Exercise data.
⟨

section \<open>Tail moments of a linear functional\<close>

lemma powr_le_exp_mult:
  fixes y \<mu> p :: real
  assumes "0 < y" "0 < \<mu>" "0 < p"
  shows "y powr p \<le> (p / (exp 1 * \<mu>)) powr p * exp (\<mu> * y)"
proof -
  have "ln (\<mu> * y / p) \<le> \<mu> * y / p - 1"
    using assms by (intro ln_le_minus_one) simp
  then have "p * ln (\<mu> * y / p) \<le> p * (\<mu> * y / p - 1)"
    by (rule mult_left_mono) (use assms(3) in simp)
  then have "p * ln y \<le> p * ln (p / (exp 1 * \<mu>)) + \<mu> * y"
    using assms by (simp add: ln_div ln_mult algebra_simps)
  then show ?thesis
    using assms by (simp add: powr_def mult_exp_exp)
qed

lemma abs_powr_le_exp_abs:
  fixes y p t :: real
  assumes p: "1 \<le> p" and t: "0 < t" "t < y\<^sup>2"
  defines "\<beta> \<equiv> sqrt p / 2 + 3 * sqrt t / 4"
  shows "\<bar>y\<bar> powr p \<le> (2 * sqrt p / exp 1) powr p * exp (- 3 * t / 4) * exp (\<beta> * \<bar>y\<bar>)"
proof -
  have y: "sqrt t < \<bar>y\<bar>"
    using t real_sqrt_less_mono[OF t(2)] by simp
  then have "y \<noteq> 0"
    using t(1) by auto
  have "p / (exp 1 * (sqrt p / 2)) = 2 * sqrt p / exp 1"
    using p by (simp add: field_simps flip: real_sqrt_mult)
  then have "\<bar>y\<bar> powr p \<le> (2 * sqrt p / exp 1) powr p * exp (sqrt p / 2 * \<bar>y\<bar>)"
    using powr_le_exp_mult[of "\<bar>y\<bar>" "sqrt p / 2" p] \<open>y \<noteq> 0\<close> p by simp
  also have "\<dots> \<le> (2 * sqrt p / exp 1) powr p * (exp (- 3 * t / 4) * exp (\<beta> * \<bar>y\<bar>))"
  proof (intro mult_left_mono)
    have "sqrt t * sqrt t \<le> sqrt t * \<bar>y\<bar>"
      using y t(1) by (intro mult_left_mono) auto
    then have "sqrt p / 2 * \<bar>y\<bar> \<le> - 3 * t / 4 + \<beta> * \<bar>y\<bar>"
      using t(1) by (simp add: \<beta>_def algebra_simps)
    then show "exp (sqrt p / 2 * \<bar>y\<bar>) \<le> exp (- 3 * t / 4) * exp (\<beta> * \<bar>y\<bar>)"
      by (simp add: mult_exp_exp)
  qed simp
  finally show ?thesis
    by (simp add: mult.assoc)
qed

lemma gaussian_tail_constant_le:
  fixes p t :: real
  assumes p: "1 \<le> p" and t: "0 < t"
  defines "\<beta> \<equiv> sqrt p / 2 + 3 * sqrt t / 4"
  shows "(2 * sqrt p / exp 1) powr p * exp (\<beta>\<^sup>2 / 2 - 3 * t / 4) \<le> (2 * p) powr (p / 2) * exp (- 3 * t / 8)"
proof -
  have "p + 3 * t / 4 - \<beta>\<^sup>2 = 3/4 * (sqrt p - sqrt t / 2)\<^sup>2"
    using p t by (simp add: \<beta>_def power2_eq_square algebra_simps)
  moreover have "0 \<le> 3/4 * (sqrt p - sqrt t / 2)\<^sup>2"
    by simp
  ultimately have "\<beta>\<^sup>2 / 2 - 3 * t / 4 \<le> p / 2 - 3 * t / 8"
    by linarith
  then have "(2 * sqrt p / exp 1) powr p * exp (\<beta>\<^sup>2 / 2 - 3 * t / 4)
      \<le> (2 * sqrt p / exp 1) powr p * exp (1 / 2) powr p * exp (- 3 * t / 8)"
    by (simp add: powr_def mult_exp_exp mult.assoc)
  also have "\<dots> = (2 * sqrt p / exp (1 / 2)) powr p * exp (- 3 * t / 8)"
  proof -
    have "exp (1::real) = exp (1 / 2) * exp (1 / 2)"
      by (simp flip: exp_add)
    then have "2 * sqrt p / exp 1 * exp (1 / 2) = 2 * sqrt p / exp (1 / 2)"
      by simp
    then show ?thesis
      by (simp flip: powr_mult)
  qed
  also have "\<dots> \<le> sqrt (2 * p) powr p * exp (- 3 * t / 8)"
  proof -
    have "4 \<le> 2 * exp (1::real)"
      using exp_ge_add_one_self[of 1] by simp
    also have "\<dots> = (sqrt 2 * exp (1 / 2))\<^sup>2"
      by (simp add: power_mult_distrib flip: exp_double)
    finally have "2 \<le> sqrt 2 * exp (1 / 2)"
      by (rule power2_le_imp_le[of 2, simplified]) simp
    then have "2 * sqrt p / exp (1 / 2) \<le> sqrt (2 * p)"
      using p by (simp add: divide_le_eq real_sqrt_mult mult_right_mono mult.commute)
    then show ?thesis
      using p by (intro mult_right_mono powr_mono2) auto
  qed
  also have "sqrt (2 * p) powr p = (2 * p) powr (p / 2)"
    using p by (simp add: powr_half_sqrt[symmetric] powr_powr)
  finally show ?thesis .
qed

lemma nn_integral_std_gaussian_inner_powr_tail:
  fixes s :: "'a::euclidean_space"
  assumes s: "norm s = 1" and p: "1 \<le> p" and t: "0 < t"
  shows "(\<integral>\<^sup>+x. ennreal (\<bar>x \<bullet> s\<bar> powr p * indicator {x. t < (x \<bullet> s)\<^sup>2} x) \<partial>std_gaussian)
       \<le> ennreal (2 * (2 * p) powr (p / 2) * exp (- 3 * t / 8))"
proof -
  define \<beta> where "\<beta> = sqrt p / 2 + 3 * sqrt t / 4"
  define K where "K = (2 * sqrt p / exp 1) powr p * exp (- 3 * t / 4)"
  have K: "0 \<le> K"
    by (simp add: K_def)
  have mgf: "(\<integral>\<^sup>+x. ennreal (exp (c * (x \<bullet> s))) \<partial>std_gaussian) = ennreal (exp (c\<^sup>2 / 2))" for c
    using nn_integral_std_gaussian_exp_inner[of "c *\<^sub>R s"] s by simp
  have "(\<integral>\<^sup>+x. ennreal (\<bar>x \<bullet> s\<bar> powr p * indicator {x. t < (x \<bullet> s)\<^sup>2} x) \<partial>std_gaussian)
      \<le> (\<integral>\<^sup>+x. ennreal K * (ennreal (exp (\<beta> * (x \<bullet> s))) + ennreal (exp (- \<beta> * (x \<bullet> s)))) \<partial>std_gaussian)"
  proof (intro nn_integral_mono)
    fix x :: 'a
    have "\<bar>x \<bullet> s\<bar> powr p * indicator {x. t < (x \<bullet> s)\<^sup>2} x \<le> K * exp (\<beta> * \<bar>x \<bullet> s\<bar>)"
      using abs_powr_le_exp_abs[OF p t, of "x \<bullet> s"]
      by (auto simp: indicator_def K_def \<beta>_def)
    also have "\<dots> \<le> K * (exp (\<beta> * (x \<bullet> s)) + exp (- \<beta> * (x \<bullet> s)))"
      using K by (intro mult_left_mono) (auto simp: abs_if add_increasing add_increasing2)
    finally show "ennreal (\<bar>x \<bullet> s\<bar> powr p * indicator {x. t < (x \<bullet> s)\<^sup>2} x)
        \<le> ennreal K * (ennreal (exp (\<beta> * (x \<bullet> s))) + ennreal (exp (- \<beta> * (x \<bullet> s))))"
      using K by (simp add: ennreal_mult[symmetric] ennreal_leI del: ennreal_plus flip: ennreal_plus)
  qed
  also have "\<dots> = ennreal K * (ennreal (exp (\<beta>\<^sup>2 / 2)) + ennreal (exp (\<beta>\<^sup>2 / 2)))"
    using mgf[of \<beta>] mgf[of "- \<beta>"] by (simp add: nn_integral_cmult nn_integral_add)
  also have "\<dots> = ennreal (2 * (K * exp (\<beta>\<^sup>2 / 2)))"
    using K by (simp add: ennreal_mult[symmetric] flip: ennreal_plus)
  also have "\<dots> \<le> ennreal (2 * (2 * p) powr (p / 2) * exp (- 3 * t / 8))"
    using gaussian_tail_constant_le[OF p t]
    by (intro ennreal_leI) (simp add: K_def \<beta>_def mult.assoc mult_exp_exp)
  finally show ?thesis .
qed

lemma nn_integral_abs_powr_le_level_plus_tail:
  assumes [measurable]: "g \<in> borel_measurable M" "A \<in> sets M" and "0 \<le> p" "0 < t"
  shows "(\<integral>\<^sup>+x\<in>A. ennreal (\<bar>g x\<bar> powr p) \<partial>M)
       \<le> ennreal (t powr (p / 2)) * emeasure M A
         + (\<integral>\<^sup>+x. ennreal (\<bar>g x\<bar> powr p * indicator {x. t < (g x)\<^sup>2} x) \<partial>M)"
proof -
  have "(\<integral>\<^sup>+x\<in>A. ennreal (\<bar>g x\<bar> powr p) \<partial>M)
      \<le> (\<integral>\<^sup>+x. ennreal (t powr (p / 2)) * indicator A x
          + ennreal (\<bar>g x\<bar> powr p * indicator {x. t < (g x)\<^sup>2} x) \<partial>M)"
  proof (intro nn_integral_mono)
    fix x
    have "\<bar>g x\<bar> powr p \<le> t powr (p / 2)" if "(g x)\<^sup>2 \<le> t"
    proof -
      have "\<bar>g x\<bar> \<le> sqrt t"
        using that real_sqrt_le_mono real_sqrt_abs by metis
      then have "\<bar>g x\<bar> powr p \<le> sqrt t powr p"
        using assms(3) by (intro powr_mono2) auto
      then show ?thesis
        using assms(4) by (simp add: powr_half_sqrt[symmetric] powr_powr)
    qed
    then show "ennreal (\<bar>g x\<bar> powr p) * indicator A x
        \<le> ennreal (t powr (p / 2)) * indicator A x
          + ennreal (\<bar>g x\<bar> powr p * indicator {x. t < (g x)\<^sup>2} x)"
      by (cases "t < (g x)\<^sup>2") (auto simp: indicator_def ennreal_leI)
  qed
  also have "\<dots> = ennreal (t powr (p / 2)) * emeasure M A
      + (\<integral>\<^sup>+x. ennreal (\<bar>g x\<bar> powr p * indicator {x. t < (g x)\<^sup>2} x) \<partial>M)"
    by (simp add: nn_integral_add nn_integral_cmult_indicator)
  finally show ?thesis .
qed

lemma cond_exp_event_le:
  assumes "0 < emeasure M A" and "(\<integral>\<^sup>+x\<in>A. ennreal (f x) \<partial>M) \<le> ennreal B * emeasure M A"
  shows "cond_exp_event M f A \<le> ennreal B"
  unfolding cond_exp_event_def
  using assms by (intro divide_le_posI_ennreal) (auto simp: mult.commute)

⟩

Everything from the first line of the data through the line holding "fixes y p t :: real" should be output exactly, and no other lines.

Your response.
section \<open>Tail moments of a linear functional\<close>

lemma powr_le_exp_mult:
  fixes y \<mu> p :: real
  assumes "0 < y" "0 < \<mu>" "0 < p"
  shows "y powr p \<le> (p / (exp 1 * \<mu>)) powr p * exp (\<mu> * y)"
proof -
  have "ln (\<mu> * y / p) \<le> \<mu> * y / p - 1"
    using assms by (intro ln_le_minus_one) simp
  then have "p * ln (\<mu> * y / p) \<le> p * (\<mu> * y / p - 1)"
    by (rule mult_left_mono) (use assms(3) in simp)
  then have "p * ln y \<le> p * ln (p / (exp 1 * \<mu>)) + \<mu> * y"
    using assms by (simp add: ln_div ln_mult algebra_simps)
  then show ?thesis
    using assms by (simp add: powr_def mult_exp_exp)
qed

lemma abs_powr_le_exp_abs:
  fixes y p t :: real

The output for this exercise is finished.